Data to examine –
lemma orthonormal_kernel_basis_exists:
  assumes A: "(A :: real mat) \<in> carrier_mat p q"
  obtains k K where "K \<in> carrier_mat q k" "transpose_mat K * K = 1\<^sub>m k" "A * K = 0\<^sub>m p k"
    "mat_kernel A \<subseteq> (\<lambda>y. K *\<^sub>v y) ` carrier_vec k"
proof -
  obtain k K0 where K0: "K0 \<in> carrier_mat q k" "trivial_kernel K0" "A * K0 = 0\<^sub>m p k"
    and range: "mat_kernel A \<subseteq> (\<lambda>y. K0 *\<^sub>v y) ` carrier_vec k"
    by (rule kernel_basis_mat_exists[OF A])
  have "transpose_mat K0 * K0 \<in> carrier_mat k k" using K0 by simp
  then obtain R where R: "R \<in> carrier_mat k k" "invertible_mat R"
    and gram: "transpose_mat K0 * K0 = transpose_mat R * R"
    by (rule cholesky_factorization_invertible[OF _ sym_pd_gram[OF K0(1,2)]])
  obtain Ri where Ri: "Ri \<in> carrier_mat k k" "R * Ri = 1\<^sub>m k" "Ri * R = 1\<^sub>m k"
    by (rule invertible_matE[OF R])
  define K where "K = K0 * Ri"
  have K: "K \<in> carrier_mat q k" using K0 Ri by (simp add: K_def)
  note dims = carrier_matD[OF K0(1)] carrier_matD[OF R(1)] carrier_matD[OF Ri(1)]
  have "transpose_mat K * K = transpose_mat Ri * (transpose_mat K0 * K0) * Ri"
    by (simp add: K_def dims transpose_mult_dims assoc_mult_mat_dims)
  also have "\<dots> = transpose_mat (R * Ri) * (R * Ri)"
    unfolding gram by (simp add: dims transpose_mult_dims assoc_mult_mat_dims)
  finally have "transpose_mat K * K = 1\<^sub>m k" using Ri by simp
  moreover have "A * K = 0\<^sub>m p k"
    using A K0 Ri by (simp add: K_def assoc_mult_mat[symmetric, of _ p q _ k])
  moreover have "mat_kernel A \<subseteq> (\<lambda>y. K *\<^sub>v y) ` carrier_vec k"
  proof
    fix x assume "x \<in> mat_kernel A"
    then obtain y where y: "y \<in> carrier_vec k" and x: "x = K0 *\<^sub>v y" using range by auto
    have "Ri *\<^sub>v (R *\<^sub>v y) = y" using assoc_mult_mat_vec[OF Ri(1) R(1) y] Ri(3) y by simp
    then have "K *\<^sub>v (R *\<^sub>v y) = x" using K0 Ri R y x by (simp add: K_def)
    then show "x \<in> (\<lambda>y. K *\<^sub>v y) ` carrier_vec k" using R y by (auto intro!: image_eqI)
  qed
  ultimately show thesis by (rule that[OF K])
qed

lemma real_orth_append_cols:
  assumes V1: "V1 \<in> carrier_mat q d" and V2: "V2 \<in> carrier_mat q e" and "d + e = q"
    and "transpose_mat V1 * V1 = 1\<^sub>m d" "transpose_mat V2 * V2 = 1\<^sub>m e"
    and "transpose_mat V1 * V2 = 0\<^sub>m d e"
  shows "real_orth (append_cols V1 V2)"
proof -
  have "transpose_mat V2 * V1 = 0\<^sub>m e d"
    using arg_cong[OF assms(6), of transpose_mat] V1 V2 by (simp add: transpose_mult[of _ d q])
  then show ?thesis
    using assms by (simp add: real_orth_def transpose_append_cols append_rows_mult_append_cols[of _ d q _ e])
qed

lemma real_orth_invertible:
  assumes V: "V \<in> carrier_mat n n" and "real_orth V"
  shows "invertible_mat V"
  using assms trivial_kernel_if_left_inverse[OF V, of "transpose_mat V"]
  by (simp add: real_orth_def invertible_mat_iff_trivial_kernel[OF V])

lemma orthonormal_complement_exists:
  assumes X: "(X :: real mat) \<in> carrier_mat q k" and X_ker: "trivial_kernel X"
  obtains L where "k \<le> q" "L \<in> carrier_mat q (q - k)" "transpose_mat L * L = 1\<^sub>m (q - k)"
    "transpose_mat X * L = 0\<^sub>m k (q - k)"
proof -
  have XT: "transpose_mat X \<in> carrier_mat k q" using X by simp
  obtain l L where L: "L \<in> carrier_mat q l" "transpose_mat L * L = 1\<^sub>m l" "transpose_mat X * L = 0\<^sub>m k l"
    and range: "mat_kernel (transpose_mat X) \<subseteq> (\<lambda>y. L *\<^sub>v y) ` carrier_vec l"
    by (rule orthonormal_kernel_basis_exists[OF XT])
  define Q where "Q = append_cols L X"
  have Q: "Q \<in> carrier_mat q (l + k)" using L X by (simp add: Q_def)
  have "trivial_kernel Q"
    unfolding Q_def
    using sym_pd_trivial_kernel[of "transpose_mat X * X" k, OF _ sym_pd_gram[OF X X_ker]]
      trivial_kernel_if_left_inverse[OF L(1) _ L(2)] X L
    by (intro trivial_kernel_append_cols[OF L(1) X XT L(3)]) auto
  then have le1: "l + k \<le> q" using trivial_kernel_dim_le[OF Q] by simp
  have QT: "transpose_mat Q \<in> carrier_mat (l + k) q" using Q by simp
  have "trivial_kernel (transpose_mat Q)"
  proof (rule trivial_kernelI[OF QT])
    fix z :: "real vec" assume z: "z \<in> carrier_vec q" and "transpose_mat Q *\<^sub>v z = 0\<^sub>v (l + k)"
    then have "(transpose_mat L *\<^sub>v z) @\<^sub>v (transpose_mat X *\<^sub>v z) = 0\<^sub>v l @\<^sub>v 0\<^sub>v k"
      using L X by (simp add: Q_def transpose_append_cols mat_mult_append[of _ l q _ k] zero_vec_append)
    then have Lz: "transpose_mat L *\<^sub>v z = 0\<^sub>v l" and Xz: "transpose_mat X *\<^sub>v z = 0\<^sub>v k"
      using L X z by (auto simp: append_vec_eq[of _ l])
    have "z \<in> mat_kernel (transpose_mat X)" using mat_kernelI[OF XT z Xz] .
    then obtain y where y: "y \<in> carrier_vec l" and zy: "z = L *\<^sub>v y" using range by auto
    have "y = transpose_mat L *\<^sub>v z"
      using assoc_mult_mat_vec[of "transpose_mat L" l q L l y] L y zy by simp
    then have "y = 0\<^sub>v l" using Lz by simp
    then show "z = 0\<^sub>v q" using zy L by simp
  qed
  then have "q \<le> l + k" using trivial_kernel_dim_le[OF QT] by simp
  then have "l = q - k" "k \<le> q" using le1 by auto
  with L show thesis by (intro that) auto
qed

lemma orthogonal_splitting_exists:
  assumes A: "(A :: real mat) \<in> carrier_mat p q"
  obtains d V1 V2 where "d \<le> q" "V1 \<in> carrier_mat q d" "V2 \<in> carrier_mat q (q - d)"
    "real_orth (append_cols V1 V2)" "A * V2 = 0\<^sub>m p (q - d)" "trivial_kernel (A * V1)"
proof -
  obtain k K where K: "K \<in> carrier_mat q k" "transpose_mat K * K = 1\<^sub>m k" "A * K = 0\<^sub>m p k"
    and range: "mat_kernel A \<subseteq> (\<lambda>y. K *\<^sub>v y) ` carrier_vec k"
    by (rule orthonormal_kernel_basis_exists[OF A])
  have "trivial_kernel K" by (rule trivial_kernel_if_left_inverse[OF K(1) _ K(2)]) (use K(1) in simp)
  then obtain L where kq: "k \<le> q" and L: "L \<in> carrier_mat q (q - k)"
    "transpose_mat L * L = 1\<^sub>m (q - k)" "transpose_mat K * L = 0\<^sub>m k (q - k)"
    by (rule orthonormal_complement_exists[OF K(1)])
  have LK: "transpose_mat L * K = 0\<^sub>m (q - k) k"
    using arg_cong[OF L(3), of transpose_mat] K(1) L(1) by (simp add: transpose_mult_dims)
  have "trivial_kernel (A * L)"
  proof (rule trivial_kernelI)
    fix x assume x: "x \<in> carrier_vec (q - k)" and "(A * L) *\<^sub>v x = 0\<^sub>v p"
    then have "L *\<^sub>v x \<in> mat_kernel A" using A L by (auto intro: mat_kernelI)
    then obtain y where y: "y \<in> carrier_vec k" and Lx: "L *\<^sub>v x = K *\<^sub>v y" using range by auto
    have "x = transpose_mat L *\<^sub>v (L *\<^sub>v x)"
      using assoc_mult_mat_vec[of "transpose_mat L" "q - k" q L "q - k" x] L x by simp
    also have "\<dots> = (transpose_mat L * K) *\<^sub>v y" using Lx L K y by simp
    finally show "x = 0\<^sub>v (q - k)" using LK y by simp
  qed (use A L in auto)
  moreover have "real_orth (append_cols L K)"
    using kq L K LK by (intro real_orth_append_cols[OF L(1) K(1)]) auto
  moreover have "K \<in> carrier_mat q (q - (q - k))" using K kq by simp
  ultimately show thesis using K(3) kq L(1) by (intro that[of "q - k" L K]) auto
qed

lemma left_annihilator_exists:
  assumes B1: "(B1 :: real mat) \<in> carrier_mat n r" and "trivial_kernel B1"
  obtains N where "N \<in> carrier_mat n (n - r)" "trivial_kernel N" "transpose_mat N * B1 = 0\<^sub>m (n - r) r"
proof -
  obtain L where L: "L \<in> carrier_mat n (n - r)" "transpose_mat L * L = 1\<^sub>m (n - r)"
    "transpose_mat B1 * L = 0\<^sub>m r (n - r)"
    by (rule orthonormal_complement_exists[OF assms])
  have "transpose_mat L * B1 = 0\<^sub>m (n - r) r"
    using arg_cong[OF L(3), of transpose_mat] B1 L(1) by (simp add: transpose_mult_dims)
  moreover have "trivial_kernel L" by (rule trivial_kernel_if_left_inverse[OF L(1) _ L(2)]) (use L in simp)
  ultimately show thesis using L(1) by (intro that)
qed

lemma mrank_eq_if_split:
  assumes A: "A \<in> carrier_mat p q" and V1: "V1 \<in> carrier_mat q d" and V2: "V2 \<in> carrier_mat q (q - d)"
    and "d \<le> q" and "invertible_mat (append_cols V1 V2)"
    and "A * V2 = 0\<^sub>m p (q - d)" and "trivial_kernel (A * V1)"
  shows "mrank A = d"
proof -
  have V: "append_cols V1 V2 \<in> carrier_mat q q" using V1 V2 \<open>d \<le> q\<close> append_cols_carrier[OF V1 V2] by simp
  have "mrank A = mrank (A * V1)"
    using mrank_eq_first_block[OF A V assms(5), of "A * V1" d] mult_append_cols[OF A V1 V2] assms(6) A V1 by simp
  then show ?thesis using mrank_eq_dim_col_iff[of "A * V1" p d] assms(7) A V1 by simp
qed

lemma mrank_eq_if_mat_kernel_eq:
  assumes A: "A \<in> carrier_mat p q" and A': "A' \<in> carrier_mat p' q"
    and ker: "mat_kernel A = mat_kernel A'"
  shows "mrank A = mrank A'"
proof -
  obtain d V1 V2 where V: "d \<le> q" "V1 \<in> carrier_mat q d" "V2 \<in> carrier_mat q (q - d)"
    "real_orth (append_cols V1 V2)" "A * V2 = 0\<^sub>m p (q - d)" "trivial_kernel (A * V1)"
    by (rule orthogonal_splitting_exists[OF A])
  have inv: "invertible_mat (append_cols V1 V2)"
    using real_orth_invertible[of _ q] V append_cols_carrier[OF V(2,3)] by simp
  have "A' * V2 = 0\<^sub>m p' (q - d)"
    using mult_eq_0_if_mat_kernel_subset[OF A A' V(3) V(5)] ker by simp
  moreover have "trivial_kernel (A' * V1)"
    using trivial_kernel_mult_if_mat_kernel_subset[OF A A' V(2) V(6)] ker by simp
  ultimately have "mrank A' = d" using mrank_eq_if_split[OF A' V(2,3,1) inv] by simp
  moreover have "mrank A = d" using mrank_eq_if_split[OF A V(2,3,1) inv V(5,6)] .
  ultimately show ?thesis by simp
qed

lemma orthogonal_block_factorization:
  assumes S1: "(S1 :: real mat) \<in> carrier_mat (a + b) a" and S2: "S2 \<in> carrier_mat (a + b) b"
    and ker: "trivial_kernel S1" and S22: "transpose_mat S2 * S2 = 1\<^sub>m b"
    and S12: "transpose_mat S1 * S2 = 0\<^sub>m a b"
  obtains U Z where "U \<in> carrier_mat (a + b) (a + b)" "real_orth U" "Z \<in> carrier_mat a a"
    "invertible_mat Z" "append_cols S1 S2 = U * four_block_mat Z (0\<^sub>m a b) (0\<^sub>m b a) (1\<^sub>m b)"
proof -
  have "transpose_mat S1 * S1 \<in> carrier_mat a a" using S1 by simp
  then obtain Z where Z: "Z \<in> carrier_mat a a" "invertible_mat Z"
    and gram: "transpose_mat S1 * S1 = transpose_mat Z * Z"
    by (rule cholesky_factorization_invertible[OF _ sym_pd_gram[OF S1 ker]])
  obtain Zi where Zi: "Zi \<in> carrier_mat a a" "Z * Zi = 1\<^sub>m a" "Zi * Z = 1\<^sub>m a"
    by (rule invertible_matE[OF Z])
  note dims = carrier_matD[OF S1] carrier_matD[OF S2] carrier_matD[OF Z(1)] carrier_matD[OF Zi(1)]
  define U where "U = append_cols (S1 * Zi) S2"
  have U: "U \<in> carrier_mat (a + b) (a + b)" using S1 S2 Zi by (simp add: U_def)
  have "transpose_mat (S1 * Zi) * (S1 * Zi) = transpose_mat Zi * (transpose_mat S1 * S1) * Zi"
    by (simp add: transpose_mult_dims assoc_mult_mat_dims dims)
  also have "\<dots> = transpose_mat (Z * Zi) * (Z * Zi)"
    by (simp add: gram transpose_mult_dims assoc_mult_mat_dims dims)
  finally have "transpose_mat (S1 * Zi) * (S1 * Zi) = 1\<^sub>m a" using Zi(2) by simp
  moreover have "transpose_mat (S1 * Zi) * S2 = 0\<^sub>m a b"
  proof -
    have "transpose_mat (S1 * Zi) * S2 = transpose_mat Zi * (transpose_mat S1 * S2)"
      by (simp add: transpose_mult_dims assoc_mult_mat_dims dims)
    then show ?thesis using S12 Zi(1) by simp
  qed
  ultimately have "real_orth U"
    unfolding U_def using S1 S2 Zi S22 by (intro real_orth_append_cols[of _ "a + b" a _ b]) auto
  moreover have "U * four_block_mat Z (0\<^sub>m a b) (0\<^sub>m b a) (1\<^sub>m b) = append_cols S1 S2"
  proof -
    have "U * four_block_mat Z (0\<^sub>m a b) (0\<^sub>m b a) (1\<^sub>m b)
        = append_cols (S1 * Zi * Z + S2 * 0\<^sub>m b a) (S1 * Zi * 0\<^sub>m a b + S2 * 1\<^sub>m b)"
      unfolding U_def using S1 S2 Z Zi by (intro append_cols_mult_four_block[of _ a a]) auto
    also have "S1 * Zi * Z = S1" using Zi(3) S1 by (simp add: assoc_mult_mat_dims dims)
    finally show ?thesis using S1 S2 Zi(1) by simp
  qed
  ultimately show thesis using U Z by (intro that) auto
qed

What you are asked to do –
Everything from the line containing "S1 S2 = U *" through the line containing "unfolding U_def using S1 S2 Z Zi" in the material above should be retyped exactly, both ends included, and nothing more.

Output below –
    "invertible_mat Z" "append_cols S1 S2 = U * four_block_mat Z (0\<^sub>m a b) (0\<^sub>m b a) (1\<^sub>m b)"
proof -
  have "transpose_mat S1 * S1 \<in> carrier_mat a a" using S1 by simp
  then obtain Z where Z: "Z \<in> carrier_mat a a" "invertible_mat Z"
    and gram: "transpose_mat S1 * S1 = transpose_mat Z * Z"
    by (rule cholesky_factorization_invertible[OF _ sym_pd_gram[OF S1 ker]])
  obtain Zi where Zi: "Zi \<in> carrier_mat a a" "Z * Zi = 1\<^sub>m a" "Zi * Z = 1\<^sub>m a"
    by (rule invertible_matE[OF Z])
  note dims = carrier_matD[OF S1] carrier_matD[OF S2] carrier_matD[OF Z(1)] carrier_matD[OF Zi(1)]
  define U where "U = append_cols (S1 * Zi) S2"
  have U: "U \<in> carrier_mat (a + b) (a + b)" using S1 S2 Zi by (simp add: U_def)
  have "transpose_mat (S1 * Zi) * (S1 * Zi) = transpose_mat Zi * (transpose_mat S1 * S1) * Zi"
    by (simp add: transpose_mult_dims assoc_mult_mat_dims dims)
  also have "\<dots> = transpose_mat (Z * Zi) * (Z * Zi)"
    by (simp add: gram transpose_mult_dims assoc_mult_mat_dims dims)
  finally have "transpose_mat (S1 * Zi) * (S1 * Zi) = 1\<^sub>m a" using Zi(2) by simp
  moreover have "transpose_mat (S1 * Zi) * S2 = 0\<^sub>m a b"
  proof -
    have "transpose_mat (S1 * Zi) * S2 = transpose_mat Zi * (transpose_mat S1 * S2)"
      by (simp add: transpose_mult_dims assoc_mult_mat_dims dims)
    then show ?thesis using S12 Zi(1) by simp
  qed
  ultimately have "real_orth U"
    unfolding U_def using S1 S2 Zi S22 by (intro real_orth_append_cols[of _ "a + b" a _ b]) auto
  moreover have "U * four_block_mat Z (0\<^sub>m a b) (0\<^sub>m b a) (1\<^sub>m b) = append_cols S1 S2"
  proof -
    have "U * four_block_mat Z (0\<^sub>m a b) (0\<^sub>m b a) (1\<^sub>m b)
        = append_cols (S1 * Zi * Z + S2 * 0\<^sub>m b a) (S1 * Zi * 0\<^sub>m a b + S2 * 1\<^sub>m b)"
      unfolding U_def using S1 S2 Z Zi by (intro append_cols_mult_four_block[of _ a a]) auto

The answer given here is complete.